Connacht Tribune
Everything’s rosy in the garden!
A benevolent Galway employer has rewarded staff with a generous pay-rise – by bumping up their weekly wages to a Living Wage because ‘it’s the right thing to do’.
Most workers at McD’s, a garden and home store, in Loughrea and Galway City, experienced bigger pay-packets last week after owner Sean McDonald fulfilled a long-time business ambition.
Instead of paying the national minimum wage, all staff over 18 years of age now get the Living Wage of €12.30 per hour or more.
The Living Wage is defined by charities such as Saint Vincent de Paul and trade unions such as SIPTU as a level of pay which makes possible a “minimum acceptable standard of living”. It is higher than the legal requirement, which is the national minimum wage of €10.20 per hour.
All 55 staff at McD’s in The Green Loughrea and Galway Crystal on the Dublin Road now receives at a minimum €12.30 per hour. Many of them are paid more having worked their way up the ladder.

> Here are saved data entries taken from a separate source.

definition args_only :: "nat \<Rightarrow> ((nat \<Rightarrow> 'a) \<Rightarrow> 'a) \<Rightarrow> bool" where
  "args_only n br \<longleftrightarrow> (\<forall>u v. (\<forall>i<n. u i = v i) \<longrightarrow> br u = br v)"

definition n_multilinear :: "(complex \<Rightarrow> 'a::comm_ring \<Rightarrow> 'a) \<Rightarrow> nat \<Rightarrow> ((nat \<Rightarrow> 'a) \<Rightarrow> 'a) \<Rightarrow> bool" where
  "n_multilinear sm n br \<longleftrightarrow>
     (\<forall>u k a b x y. k < n \<longrightarrow>
        br (u(k := sm a x + sm b y)) = sm a (br (u(k := x))) + sm b (br (u(k := y))))"

definition skew_symmetric :: "nat \<Rightarrow> ((nat \<Rightarrow> 'a::comm_ring) \<Rightarrow> 'a) \<Rightarrow> bool" where
  "skew_symmetric n br \<longleftrightarrow>
     (\<forall>u i j. i < n \<longrightarrow> j < n \<longrightarrow> i \<noteq> j \<longrightarrow> br (u(i := u j, j := u i)) = - br u)"

text \<open>Filippov identity: x uses slots 0..n-1, y uses slots 1..n-1 (y_2..y_n).\<close>
definition filippov :: "nat \<Rightarrow> ((nat \<Rightarrow> 'a::comm_ring) \<Rightarrow> 'a) \<Rightarrow> bool" where
  "filippov n br \<longleftrightarrow>
     (\<forall>x y. br (y(0 := br x)) = (\<Sum>i<n. br (x(i := br (y(0 := x i))))))"

definition n_Lie :: "(complex \<Rightarrow> 'a::comm_ring \<Rightarrow> 'a) \<Rightarrow> nat \<Rightarrow> ((nat \<Rightarrow> 'a) \<Rightarrow> 'a) \<Rightarrow> bool" where
  "n_Lie sm n br \<longleftrightarrow> args_only n br \<and> n_multilinear sm n br \<and> skew_symmetric n br \<and> filippov n br"

definition transposed_Poisson_n_Lie ::
  "(complex \<Rightarrow> 'a::comm_ring \<Rightarrow> 'a) \<Rightarrow> nat \<Rightarrow> ((nat \<Rightarrow> 'a) \<Rightarrow> 'a) \<Rightarrow> bool" where
  "transposed_Poisson_n_Lie sm n br \<longleftrightarrow>
     complex_algebra sm \<and> n_Lie sm n br \<and>
     (\<forall>h a. sm (of_nat n) (h * br a) = (\<Sum>i<n. br (a(i := h * a i))))"

text \<open>Strong condition: x uses slots 1..n-1 (x_1..x_{n-1}).
 The bracket [y1, y2, x_1, .., x_i omitted, .., x_{n-1}] puts y1 in slot 0, y2 in slot 1,
 and the remaining x's in slots 2..n-1 in order.\<close>
definition strong_transposed_Poisson_n_Lie ::
  "(complex \<Rightarrow> 'a::comm_ring \<Rightarrow> 'a) \<Rightarrow> nat \<Rightarrow> ((nat \<Rightarrow> 'a) \<Rightarrow> 'a) \<Rightarrow> bool" where
  "strong_transposed_Poisson_n_Lie sm n br \<longleftrightarrow>
     transposed_Poisson_n_Lie sm n br \<and>
     (\<forall>h y1 y2 x.
        y1 * br (x(0 := h * y2)) - y2 * br (x(0 := h * y1))
        + (\<Sum>i\<in>{1..n-1}. sm ((-1) ^ (i - 1))
             (h * x i * br (\<lambda>k. if k = 0 then y1 else if k = 1 then y2
                                 else if k - 1 < i then x (k - 1) else x k))) = 0)"
lemma subset_if_plus_pairs_eq:
  fixes X Y :: "'a::ab_group_add set"
  assumes eq: "\<And>a. a \<noteq> 0 \<Longrightarrow> Y + {0, a} = X + {0, a}"
    and "y \<notin> X" "z \<notin> X" "y \<noteq> z"
  shows "Y \<subseteq> X"
proof
  fix x assume "x \<in> Y"
  show "x \<in> X"
  proof (rule ccontr)
    assume "x \<notin> X"
    obtain w where "w \<notin> X" "w \<noteq> x"
      using assms(2-4) by metis
    then have "x \<notin> X + {0, x - w}"
      using \<open>x \<notin> X\<close> by (simp add: mem_plus_pair)
    moreover have "x \<in> Y + {0, x - w}"
      using \<open>x \<in> Y\<close> by (simp add: mem_plus_pair)
    ultimately show False
      using eq[of "x - w"] \<open>w \<noteq> x\<close> by simp
  qed
qed

lemma complement_singleton_eq_plus:
  fixes M :: "'a::ab_group_add set"
  assumes "is_subgroup M" "g \<in> M" "g \<noteq> 0"
  shows "(M - {g}) + insert 0 (- M) = - {g}"
proof (intro equalityI subsetI)
  fix z assume "z \<in> (M - {g}) + insert 0 (- M)"
  then obtain m w where "m \<in> M - {g}" "w \<in> insert 0 (- M)" "z = m + w"
    unfolding set_plus_def by blast
  moreover have "g - m \<in> M" if "m \<in> M"
    using assms(1,2) that unfolding is_subgroup_def by (metis diff_conv_add_uminus)
  ultimately show "z \<in> - {g}"
    by (auto simp: algebra_simps)
next
  fix z assume "z \<in> - {g}"
  then show "z \<in> (M - {g}) + insert 0 (- M)"
    using assms(1,3) unfolding is_subgroup_def
    by (metis Compl_iff DiffI add.right_neutral add_0 insertCI insertI1 set_plus_intro singletonD)
qed
lemma feasible_directions_open_segment_const:
  assumes "a \<in> {0<..<1}" "b \<in> {0<..<1}"
  shows "feasible_directions Y ((1 - a) *\<^sub>R p + a *\<^sub>R y) =
         feasible_directions Y ((1 - b) *\<^sub>R p + b *\<^sub>R y)"
proof (rule connected_local_const[OF connected_Ioo assms], intro ballI)
  let ?w = "\<lambda>t. (1 - t) *\<^sub>R p + t *\<^sub>R y"
  fix a :: real assume a: "a \<in> {0<..<1}"
  have nbhd: "conic_nbhd Y (?w a) (feasible_directions Y (?w a)) (Q (?w a))"
    using conic segment_mem a by simp
  have "continuous_on UNIV ?w"
    by (intro tvs_continuous_on_segment[OF tvs] continuous_intros)
  then have "\<forall>\<^sub>F b in at a within {0<..<1}. ?w b \<in> Q (?w a)"
    by (rule eventually_continuous_on_in_open) (use conic_nbhdD[OF nbhd] in auto)
  moreover have "\<forall>\<^sub>F b in at a within {0<..<1}. b \<in> {0<..<1}"
    using eventually_at_in_open'[of "{0<..<1}" a] at_within_open[of a "{0<..<1}"] a by simp
  ultimately show "\<forall>\<^sub>F b in at a within {0<..<1}.
      feasible_directions Y (?w a) = feasible_directions Y (?w b)"
  proof eventually_elim
    case (elim b)
    have "?w a - ?w b = (a - b) *\<^sub>R (y - p)"
      by (simp add: algebra_simps)
    then have towards_a: "?w a - ?w b \<in> feasible_directions Y (?w a)"
      using segment_direction[of a "a - b"] a by simp
    have wb: "?w b \<in> Q (?w a)" "?w b \<in> Y"
      using elim segment_mem by auto
    show ?case
      using conic_nbhd_subset_feasible_directions[OF tvs nbhd wb]
        feasible_directions_subset_conic_nbhd[OF tvs nbhd wb(1) towards_a] by (rule subset_antisym)
  qed
qed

Staff who are on 20-hour weeks, for example, are now earning €2 more per hour, or an extra €40 every week.
Owner Seán McDonald explained that there were several benefits to introducing a Living Wage but his primary motivating factor was, ‘it’s the right thing to do’.
“Retail is not classified as being the biggest of payers, but I just think if you can do it, you should do it. We’ve introduced a Living Wage. That was one of my goals when I set-up my business. Now that’s probably my biggest single achievement in business.
“It’s something I always had an ambition to do. Down through the years, it’s up and down. You struggle, you do well, you struggle, you do well. You never fully have a right time to make the decision to do it but this year I just decided it was the time,” he said.
McD’s celebrates twelve years in business this Friday, May 14.